Поскольку нельзя было проявить слабину при Гамбале, сошлись на двадцати ударах. На мне были только мокрые парусиновые штаны, облепившие ноги, и Стефано резко сдернул их. Виола послала мне жалкую, вымученную улыбку и отвернулась со слезами на глазах. Стефано сломал гибкую ветку, оголил ее, поплевал на руки и начал обрабатывать мне ягодицы и поясницу. К счастью, вокруг росли одни пинии, которые на розги совсем не годятся. Я вытерпел все не дрогнув, меня мучила другая, более коварная рана — сознание того, что мое тело выставлено на обозрение этого сельского Колизея, как будто оно уже не заплатило за все. Стефано нанес мне двадцать пять ударов, будто бы сбился со счета. Я не сводил глаз с дяди. Он торжествующе улыбался, по крайней мере поначалу. Потом его нижняя челюсть стала нервно дергаться. При последних ударах казалось, что бьют его самого. И вот все стихло: посткоитальная усталость. И всего-то, подумали все одновременно, надо бы побольше. Никто не двигался. Мне предстояло сделать первый шаг — уйти со сцены до того, как опустится занавес, и тогда зрители смогут с облегчением кашлять, чесаться, устраиваться поудобнее на местах вплоть до следующего акта.
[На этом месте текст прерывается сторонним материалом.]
definition weyl_act :: "nat \<Rightarrow> weyl \<Rightarrow> ((nat \<Rightarrow> complex) \<Rightarrow> complex) \<Rightarrow> (nat \<Rightarrow> complex) \<Rightarrow> complex" where
  "weyl_act n P g = (\<lambda>z. \<Sum>m\<in>{m. P m \<noteq> 0}. P m * (\<Prod>i<n. z i ^ fst m i) * dpow n (snd m) g z)"

definition Ann_inv :: "nat \<Rightarrow> cpoly \<Rightarrow> weyl set" where
  "Ann_inv n f = {P \<in> weyl_elems n. \<forall>z. mpoly_eval n f z \<noteq> 0 \<longrightarrow>
       weyl_act n P (\<lambda>w. 1 / mpoly_eval n f w) z = 0}"

definition weight :: "nat \<Rightarrow> (nat \<Rightarrow> real) \<Rightarrow> expo \<times> expo \<Rightarrow> real" where
  "weight n \<omega> m = - (\<Sum>i<n. \<omega> i * real (fst m i)) + (\<Sum>i<n. \<omega> i * real (snd m i))"

definition init_form :: "nat \<Rightarrow> (nat \<Rightarrow> real) \<Rightarrow> weyl \<Rightarrow> weyl" where
  "init_form n \<omega> P = (let M = Max (weight n \<omega> ` {m. P m \<noteq> 0}) in
      (\<lambda>m. if weight n \<omega> m = M then P m else 0))"

definition init_ideal :: "nat \<Rightarrow> (nat \<Rightarrow> real) \<Rightarrow> weyl set \<Rightarrow> weyl set" where
  "init_ideal n \<omega> I = lideal n {init_form n \<omega> P | P. P \<in> I \<and> P \<noteq> (\<lambda>_. 0)}"

definition lmul_s :: "nat \<Rightarrow> (nat \<Rightarrow> real) \<Rightarrow> weyl \<Rightarrow> weyl" where
  "lmul_s n \<omega> Q = (\<lambda>m. \<Sum>i<n. complex_of_real (\<omega> i) * lmul_x i (lmul_d i Q) m)"

definition eval_s :: "nat \<Rightarrow> (nat \<Rightarrow> real) \<Rightarrow> complex poly \<Rightarrow> weyl" where
  "eval_s n \<omega> p = (\<lambda>m. \<Sum>k\<le>degree p. coeff p k * ((lmul_s n \<omega> ^^ k) weyl_one) m)"

(* b-function: the monic generator of in_(-\<omega>,\<omega>)(I) \<inter> C[s]
   (0 if this intersection is zero) *)
definition bfunction :: "nat \<Rightarrow> (nat \<Rightarrow> real) \<Rightarrow> weyl set \<Rightarrow> complex poly" where
  "bfunction n \<omega> I = (THE b. (b = 0 \<or> lead_coeff b = 1) \<and>
      {p. eval_s n \<omega> p \<in> init_ideal n \<omega> I} = {q * b | q. True})"
(* Let $q$ be a prime power with $q\equiv 3\pmod 8$, and let $f(x)=x^2\left(x^{(q-1)/2}+3\right)$ or $f(x)=x^2\left(x^{(q-1)/2}-3\right)$ in $\mathbb{F}_q[x]$. Then $f$ is a permutation polynomial of $\mathbb{F}_q$ and $\delta_f\le 4$.
   Context: A polynomial $f\in\mathbb{F}_q[x]$ is a permutation polynomial of $\mathbb{F}_q$ if $c\mapsto f(c)$ is a bijection of $\mathbb{F}_q$. For $a\in\mathbb{F}_q^*$, $\Delta_{f,a}(x)=f(x+a)-f(x)$, and the differential uniformity is $\delta_f=\max_{a\in\mathbb{F}_q^*,\,c\in\mathbb{F}_q}|\{x\in\mathbb{F}_q:\Delta_{f,a}(x)=c\}|$. *)

theory Defs
  imports "HOL-Computational_Algebra.Polynomial" "HOL-Library.Cardinality"
begin

text \<open>Finite field F_q is modelled as a type 'a of class {finite, field}, q = CARD('a).\<close>

definition permutation_poly :: "'a::{finite,field} poly \<Rightarrow> bool" where
  "permutation_poly f \<longleftrightarrow> bij (poly f)"

definition diff_uniformity :: "'a::{finite,field} poly \<Rightarrow> nat" where
  "diff_uniformity f =
     Max {card {x. poly f (x + a) - poly f x = c} | a c. a \<noteq> 0}"

end

theory Submission
  imports Defs
begin

text \<open>
  Write \<open>\<chi>(x) = x^((q-1)/2)\<close> for the quadratic character, so the polynomial map is
  \<open>f(x) = x\<^sup>2 (\<chi>(x) + s)\<close>. For \<open>q \<equiv> 3 (mod 8)\<close> both \<open>-1\<close> and \<open>2\<close> are non-squares, so
  \<open>\<chi>(\<chi>(x) \<plusminus> 3) = \<chi>(x)\<close> and hence \<open>\<chi>(f(x)) = \<chi>(x)\<close>. Thus \<open>f(x) = f(y)\<close> forces
  \<open>x\<^sup>2 = y\<^sup>2\<close> and \<open>\<chi>(x) = \<chi>(y)\<close>, i.e. \<open>x = y\<close>.

  For the differential uniformity, \<open>x \<mapsto> -x\<close> turns \<open>s = -3\<close> into \<open>s = 3\<close>, and the
  substitution \<open>x \<mapsto> b x\<close> with \<open>b = \<plusminus>a\<close> a square reduces the shift \<open>a\<close> to \<open>1\<close>. For \<open>s = 3\<close>,
  \<open>f(t)\<close> is \<open>4t\<^sup>2\<close> or \<open>2t\<^sup>2\<close> according as \<open>t\<close> is a square or not, so \<open>f(t+1) - f(t) = c\<close> is linear
  or quadratic in \<open>t\<close> in each of the four cases for the characters of \<open>t\<close> and \<open>t + 1\<close>. Comparing
  the characters of \<open>4 - c\<close>, resp. \<open>-2 - c\<close>, across competing cases leaves at most two solutions
  that are squares and at most two that are not.
\<close>

lemma card_eq_mult_card_image:
  assumes "finite A" and "\<And>x. x \<in> A \<Longrightarrow> card {y \<in> A. f y = f x} = k"
  shows "card A = k * card (f ` A)"
proof -
  have "card A = card (\<Union>z\<in>f ` A. {y \<in> A. f y = z})"
    by (rule arg_cong[where f = card]) blast
  also have "\<dots> = (\<Sum>z\<in>f ` A. card {y \<in> A. f y = z})"
    by (rule card_UN_disjoint) (use assms(1) in auto)
  also have "\<dots> = (\<Sum>z\<in>f ` A. k)"
    using assms(2) by (intro sum.cong) auto
  finally show ?thesis by simp
qed
lemma chain_tuple_partition:
  fixes S :: "nat \<Rightarrow> 'v::real_vector set" and \<sigma> :: "nat \<Rightarrow> nat"
  defines "B \<equiv> greedy_chain S"
  assumes \<sigma>_lt: "\<forall>j<q. \<sigma> j < n"
  shows "inj_on snd (tuple_pairs n (chain_tuple \<sigma> B q))"
    and "snd ` tuple_pairs n (chain_tuple \<sigma> B q) = B q"
proof -
  have disjoint: "j = j'" if "v \<in> B (Suc j)" "v \<notin> B j" "v \<in> B (Suc j')" "v \<notin> B j'" for v j j'
    using that greedy_chain_mono[of "Suc j" j' S] greedy_chain_mono[of "Suc j'" j S]
    by (cases j j' rule: linorder_cases) (auto simp: B_def)
  show "inj_on snd (tuple_pairs n (chain_tuple \<sigma> B q))"
  proof (rule inj_onI, clarsimp simp: tuple_pairs_def)
    fix k v k' assume "v \<in> chain_tuple \<sigma> B q k" "v \<in> chain_tuple \<sigma> B q k'"
    then obtain j j' where "\<sigma> j = k" "v \<in> B (Suc j)" "v \<notin> B j"
        and "\<sigma> j' = k'" "v \<in> B (Suc j')" "v \<notin> B j'"
      by (auto simp: mem_chain_tuple)
    then show "k = k'" using disjoint by blast
  qed
  show "snd ` tuple_pairs n (chain_tuple \<sigma> B q) = B q"
  proof
    show "snd ` tuple_pairs n (chain_tuple \<sigma> B q) \<subseteq> B q"
    proof (clarsimp simp: tuple_pairs_def)
      fix k v assume "v \<in> chain_tuple \<sigma> B q k"
      then obtain j where "j < q" "v \<in> B (Suc j)" by (auto simp: mem_chain_tuple)
      then show "v \<in> B q" using greedy_chain_mono[of "Suc j" q] by (auto simp: B_def)
    qed
    show "B q \<subseteq> snd ` tuple_pairs n (chain_tuple \<sigma> B q)"
    proof
      fix v assume "v \<in> B q"
      then obtain j where "j < q" "v \<in> B (Suc j) - B j"
        unfolding B_def by (rule greedy_chain_entry)
      then have "(\<sigma> j, v) \<in> tuple_pairs n (chain_tuple \<sigma> B q)"
        using \<sigma>_lt by (auto simp: tuple_pairs_def mem_chain_tuple)
      then show "v \<in> snd ` tuple_pairs n (chain_tuple \<sigma> B q)" by force
    qed
  qed
qed

lemma chain_tuple_in_JJ:
  fixes G :: "nat \<Rightarrow> 'v::euclidean_space set" and \<sigma> :: "nat \<Rightarrow> nat" and s :: real
  defines "B \<equiv> greedy_chain (G \<circ> \<sigma>)"
  assumes \<sigma>: "bij_betw \<sigma> {..<n} {..<n}" and "q \<le> n" and gen_fin: "\<forall>i<n. finite (G i)"
    and "s \<le> card (B q)"
  shows "chain_tuple \<sigma> B q \<in> JJ n s G"
    and "(\<Sum>k<n. card (chain_tuple \<sigma> B q k)) = card (B q)"
proof -
  define J where "J = chain_tuple \<sigma> B q"
  have \<sigma>_lt: "\<forall>j<q. \<sigma> j < n" using \<sigma> \<open>q \<le> n\<close> by (auto simp: bij_betw_def)
  note inj = chain_tuple_partition(1)[OF \<sigma>_lt, of "G \<circ> \<sigma>", folded B_def J_def]
  note img = chain_tuple_partition(2)[OF \<sigma>_lt, of "G \<circ> \<sigma>", folded B_def J_def]
  have sub: "J k \<subseteq> G k" for k
  proof
    fix v assume "v \<in> J k"
    then obtain j where "\<sigma> j = k" "v \<in> B (Suc j) - B j" by (auto simp: J_def mem_chain_tuple)
    then show "v \<in> G k" using greedy_chain_Suc(2)[of "G \<circ> \<sigma>" j] by (auto simp: B_def)
  qed
  have out: "J k = {}" if "n \<le> k" for k
    using \<sigma>_lt that by (force simp: J_def mem_chain_tuple)
  have "\<forall>k\<in>{..<n}. finite (J k)" using sub gen_fin finite_subset by blast
  then have "(\<Sum>k<n. card (J k)) = card (tuple_pairs n J)" by (simp add: tuple_pairs_def)
  also have "\<dots> = card (B q)" using inj img by (metis card_image)
  finally show sum: "(\<Sum>k<n. card (chain_tuple \<sigma> B q k)) = card (B q)" by (simp add: J_def)
  have "independent (B q)" by (simp add: B_def greedy_chain_independent)
  moreover have "(\<Sum>k<n. real (card (J k))) = real (card (B q))"
    using sum by (simp add: J_def flip: of_nat_sum)
  ultimately show "chain_tuple \<sigma> B q \<in> JJ n s G"
    unfolding J_def[symmetric] JJ_def family_independent_def mem_Collect_eq
    using sub out inj img \<open>s \<le> card (B q)\<close> by simp
qed
(* Let $n_1,\dots,n_p\ge0$, let $W=\mathcal{H}_{n_1}(\mathbb{R}^3)\oplus\dots\oplus\mathcal{H}_{n_p}(\mathbb{R}^3)$ as a real $\mathrm{SO}(3,\mathbb{R})$-representation, and let $W^{\mathbb{C}}=\mathcal{H}_{n_1}(\mathbb{C}^3)\oplus\dots\oplus\mathcal{H}_{n_p}(\mathbb{C}^3)$ be its complexification, a representation of $\mathrm{SO}(3,\mathbb{C})$. Let $\{J_1,\dots,J_N\}$ be a minimal integrity basis for the algebra $\mathbb{C}[W^{\mathbb{C}}]^{\mathrm{SO}(3,\mathbb{C})}$ such that each $J_k$ restricted to $W$ is a real polynomial, i.e. $J_k|_W\in\mathbb{R}[W]$. Then $\{J_1|_W,\dots,J_N|_W\}$ is a minimal integrity basis for the real invariant algebra $\mathbb{R}[W]^{\mathrm{SO}(3,\mathbb{R})}$.
   Context: $\mathcal{H}_n(\mathbb{K}^3)$ is the space of harmonic (vanishing Laplacian) homogeneous polynomials of degree $n$ in three variables with coefficients in $\mathbb{K}$; the rotation groups act by $(g\cdot\mathbf{p})(\mathbf{v})=\mathbf{p}(g^{-1}\mathbf{v})$. An integrity basis of an invariant algebra is a finite set of homogeneous invariant polynomials generating it as an algebra; it is minimal if none of its elements is a polynomial in the others. *)

theory Defs
  imports "HOL-Analysis.Analysis"
begin

text \<open>Homogeneous harmonic polynomials of degree n in three variables, given by
  coefficient families c(a,b,e) of the monomial x^a y^b z^e.\<close>

definition harm_coeffs :: "nat \<Rightarrow> (nat \<times> nat \<times> nat \<Rightarrow> 'a::field) \<Rightarrow> bool" where
  "harm_coeffs n c \<longleftrightarrow>
     (\<forall>a b e. a + b + e \<noteq> n \<longrightarrow> c (a, b, e) = 0) \<and>
     (\<forall>a b e. of_nat ((a + 2) * (a + 1)) * c (a + 2, b, e)
            + of_nat ((b + 2) * (b + 1)) * c (a, b + 2, e)
            + of_nat ((e + 2) * (e + 1)) * c (a, b, e + 2) = 0)"

definition hom_eval :: "nat \<Rightarrow> (nat \<times> nat \<times> nat \<Rightarrow> 'a::field) \<Rightarrow> 'a ^ 3 \<Rightarrow> 'a" where
  "hom_eval n c v = (\<Sum>a\<le>n. \<Sum>b\<le>n. \<Sum>e\<le>n.
       c (a, b, e) * (v $ 1) ^ a * (v $ 2) ^ b * (v $ 3) ^ e)"

definition Harm :: "nat \<Rightarrow> ('a::field ^ 3 \<Rightarrow> 'a) set" where
  "Harm n = {f. \<exists>c. harm_coeffs n c \<and> f = hom_eval n c}"

text \<open>The direct sum W = H_{n_1} + ... + H_{n_p} for ns = [n_1,...,n_p];
  an element is a family of components indexed by i < p (zero beyond).\<close>
definition Wsp :: "nat list \<Rightarrow> (nat \<Rightarrow> 'a::field ^ 3 \<Rightarrow> 'a) set" where
  "Wsp ns = {w. (\<forall>i < length ns. w i \<in> Harm (ns ! i)) \<and> (\<forall>i \<ge> length ns. w i = (\<lambda>_. 0))}"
Сжав челюсти, я подтянул штаны. Признаюсь, хотелось заплакать, хотя бы на секунду. Смейся, паяц, и тебе будут рукоплескать. Потом я натолкнулся взглядом на ухмылку Стефано и решил отомстить. Можно присоединиться к Гамбале, пырнуть ножом кого-нибудь из Орсини, срубить ночью их драгоценные апельсиновые деревья, отравить источник. Но Виола была права: этот мир мертв. Моя месть будет достойна двадцатого века, она будет местью современной. Я буду сидеть за одним столом с теми, кто меня отверг. Я стану с ними вровень. Если смогу, то выше. Моя месть будет не в том, чтобы убить их. Я просто посмотрю на них с улыбкой сверху вниз, как сегодня они смотрят на меня.

Не исключено, что мой жизненный путь по сути определил тот день, когда я показался в Пьетра-д’Альба с голым задом.

Одна из прекраснейших статуй всех времен — некоторые говорят, что самая прекрасная, — улыбается всем посетителям без исключения. И потому двадцать первого мая 1972 года она улыбалась Ласло Тоту, венгерскому геологу, который только пришел в Ватикан и теперь стоял перед ней. Немного странная сцена, и смотрят они друг на друга немного странно. Она как будто знает.

И его улыбка в этот день Пятидесятницы кажется все более странной, настораживает.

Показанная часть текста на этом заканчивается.